[TASK TO CARRY OUT] I need all the entries repeated exactly as written.

═══ RECORDED INFORMATION

lemma measure_eps_nbhd_le_tube_volume_gaps:
  assumes "0 < \<epsilon>"
  shows "measure lebesgue (eps_nbhd (range b) \<epsilon>) \<le> 2 * (\<epsilon> + tube_volume (\<lambda>n. b n - b (Suc n)) \<epsilon>)"
proof -
  define m where "m = (\<lambda>n. b n - b (Suc n))"
  define P where "P = (\<lambda>n. {b (Suc n)..b (Suc n) + min \<epsilon> (m n)} \<union> {b n - min \<epsilon> (m n)..b n})"
  have Icc: "{x..y} \<in> fmeasurable lborel" for x y :: real
    by (metis cbox_interval fmeasurable_cbox)
  have P: "P n \<in> fmeasurable lborel" "measure lborel (P n) \<le> 2 * min \<epsilon> (m n)" for n
  proof -
    show "P n \<in> fmeasurable lborel"
      by (simp add: P_def Icc fmeasurable.Un)
    have "measure lborel (P n) \<le> measure lborel {b (Suc n)..b (Suc n) + min \<epsilon> (m n)}
        + measure lborel {b n - min \<epsilon> (m n)..b n}"
      unfolding P_def by (rule measure_Un_le) auto
    then show "measure lborel (P n) \<le> 2 * min \<epsilon> (m n)"
      using assms gaps_nonneg[of n] by (simp add: m_def)
  qed
  have partial: "measure lborel (\<Union>i\<le>n. P i) \<le> 2 * tube_volume m \<epsilon>" for n
  proof -
    have "measure lborel (\<Union>i\<le>n. P i) \<le> (\<Sum>i\<le>n. measure lborel (P i))"
      by (rule measure_UNION_le) (auto simp: P_def)
    also have "\<dots> \<le> (\<Sum>i\<le>n. 2 * min \<epsilon> (m i))"
      by (intro sum_mono P)
    also have "\<dots> \<le> 2 * tube_volume m \<epsilon>"
      using sum_min_le_tube_volume[of m \<epsilon> "{..n}"] gaps_nonneg summable_gaps assms
      by (simp add: m_def sum_distrib_left[symmetric])
    finally show ?thesis .
  qed
  have P_Union: "(\<Union>n. P n) \<in> fmeasurable lborel" "measure lborel (\<Union>n. P n) \<le> 2 * tube_volume m \<epsilon>"
    by (rule fmeasurable_countable_Union[of P, OF P(1) partial],
        rule measure_countable_Union_le[of P, OF P(1) partial])
  have "measure lebesgue (eps_nbhd (range b) \<epsilon>) = measure lborel (eps_nbhd (range b) \<epsilon>)"
    by (simp add: eps_nbhd_def)
  also have "\<dots> \<le> measure lborel ({-\<epsilon>..0} \<union> {b 0..b 0 + \<epsilon>} \<union> (\<Union>n. P n))"
  proof (rule measure_mono_fmeasurable)
    show "eps_nbhd (range b) \<epsilon> \<subseteq> {-\<epsilon>..0} \<union> {b 0..b 0 + \<epsilon>} \<union> (\<Union>n. P n)"
      using eps_nbhd_decseq_subset_gaps[of \<epsilon>] by (simp add: P_def m_def)
    show "{-\<epsilon>..0} \<union> {b 0..b 0 + \<epsilon>} \<union> (\<Union>n. P n) \<in> fmeasurable lborel"
      by (intro fmeasurable.Un Icc P_Union(1))
  qed (rule fmeasurableD[OF eps_nbhd_decseq_fmeasurable])
  also have "\<dots> \<le> measure lborel {-\<epsilon>..0} + measure lborel {b 0..b 0 + \<epsilon>} + measure lborel (\<Union>n. P n)"
    by (intro order.trans[OF measure_Un_le] add_mono measure_Un_le) (auto simp: P_def)
  also have "\<dots> \<le> 2 * (\<epsilon> + tube_volume m \<epsilon>)"
    using assms P_Union(2) by simp
  finally show ?thesis
    by (simp add: m_def)
qed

══════

[RESULT OF THIS TASK]
lemma measure_eps_nbhd_le_tube_volume_gaps:
  assumes "0 < \<epsilon>"
  shows "measure lebesgue (eps_nbhd (range b) \<epsilon>) \<le> 2 * (\<epsilon> + tube_volume (\<lambda>n. b n - b (Suc n)) \<epsilon>)"
proof -
  define m where "m = (\<lambda>n. b n - b (Suc n))"
  define P where "P = (\<lambda>n. {b (Suc n)..b (Suc n) + min \<epsilon> (m n)} \<union> {b n - min \<epsilon> (m n)..b n})"
  have Icc: "{x..y} \<in> fmeasurable lborel" for x y :: real
    by (metis cbox_interval fmeasurable_cbox)
  have P: "P n \<in> fmeasurable lborel" "measure lborel (P n) \<le> 2 * min \<epsilon> (m n)" for n
  proof -
    show "P n \<in> fmeasurable lborel"
      by (simp add: P_def Icc fmeasurable.Un)
    have "measure lborel (P n) \<le> measure lborel {b (Suc n)..b (Suc n) + min \<epsilon> (m n)}
        + measure lborel {b n - min \<epsilon> (m n)..b n}"
      unfolding P_def by (rule measure_Un_le) auto
    then show "measure lborel (P n) \<le> 2 * min \<epsilon> (m n)"
      using assms gaps_nonneg[of n] by (simp add: m_def)
  qed
  have partial: "measure lborel (\<Union>i\<le>n. P i) \<le> 2 * tube_volume m \<epsilon>" for n
  proof -
    have "measure lborel (\<Union>i\<le>n. P i) \<le> (\<Sum>i\<le>n. measure lborel (P i))"
      by (rule measure_UNION_le) (auto simp: P_def)
    also have "\<dots> \<le> (\<Sum>i\<le>n. 2 * min \<epsilon> (m i))"
      by (intro sum_mono P)
    also have "\<dots> \<le> 2 * tube_volume m \<epsilon>"
      using sum_min_le_tube_volume[of m \<epsilon> "{..n}"] gaps_nonneg summable_gaps assms
      by (simp add: m_def sum_distrib_left[symmetric])
    finally show ?thesis .
  qed
  have P_Union: "(\<Union>n. P n) \<in> fmeasurable lborel" "measure lborel (\<Union>n. P n) \<le> 2 * tube_volume m \<epsilon>"
    by (rule fmeasurable_countable_Union[of P, OF P(1) partial],
        rule measure_countable_Union_le[of P, OF P(1) partial])
  have "measure lebesgue (eps_nbhd (range b) \<epsilon>) = measure lborel (eps_nbhd (range b) \<epsilon>)"
    by (simp add: eps_nbhd_def)
  also have "\<dots> \<le> measure lborel ({-\<epsilon>..0} \<union> {b 0..b 0 + \<epsilon>} \<union> (\<Union>n. P n))"
  proof (rule measure_mono_fmeasurable)
    show "eps_nbhd (range b) \<epsilon> \<subseteq> {-\<epsilon>..0} \<union> {b 0..b 0 + \<epsilon>} \<union> (\<Union>n. P n)"
      using eps_nbhd_decseq_subset_gaps[of \<epsilon>] by (simp add: P_def m_def)
    show "{-\<epsilon>..0} \<union> {b 0..b 0 + \<epsilon>} \<union> (\<Union>n. P n) \<in> fmeasurable lborel"
      by (intro fmeasurable.Un Icc P_Union(1))
  qed (rule fmeasurableD[OF eps_nbhd_decseq_fmeasurable])
  also have "\<dots> \<le> measure lborel {-\<epsilon>..0} + measure lborel {b 0..b 0 + \<epsilon>} + measure lborel (\<Union>n. P n)"
    by (intro order.trans[OF measure_Un_le] add_mono measure_Un_le) (auto simp: P_def)
  also have "\<dots> \<le> 2 * (\<epsilon> + tube_volume m \<epsilon>)"
    using assms P_Union(2) by simp
  finally show ?thesis
    by (simp add: m_def)
qed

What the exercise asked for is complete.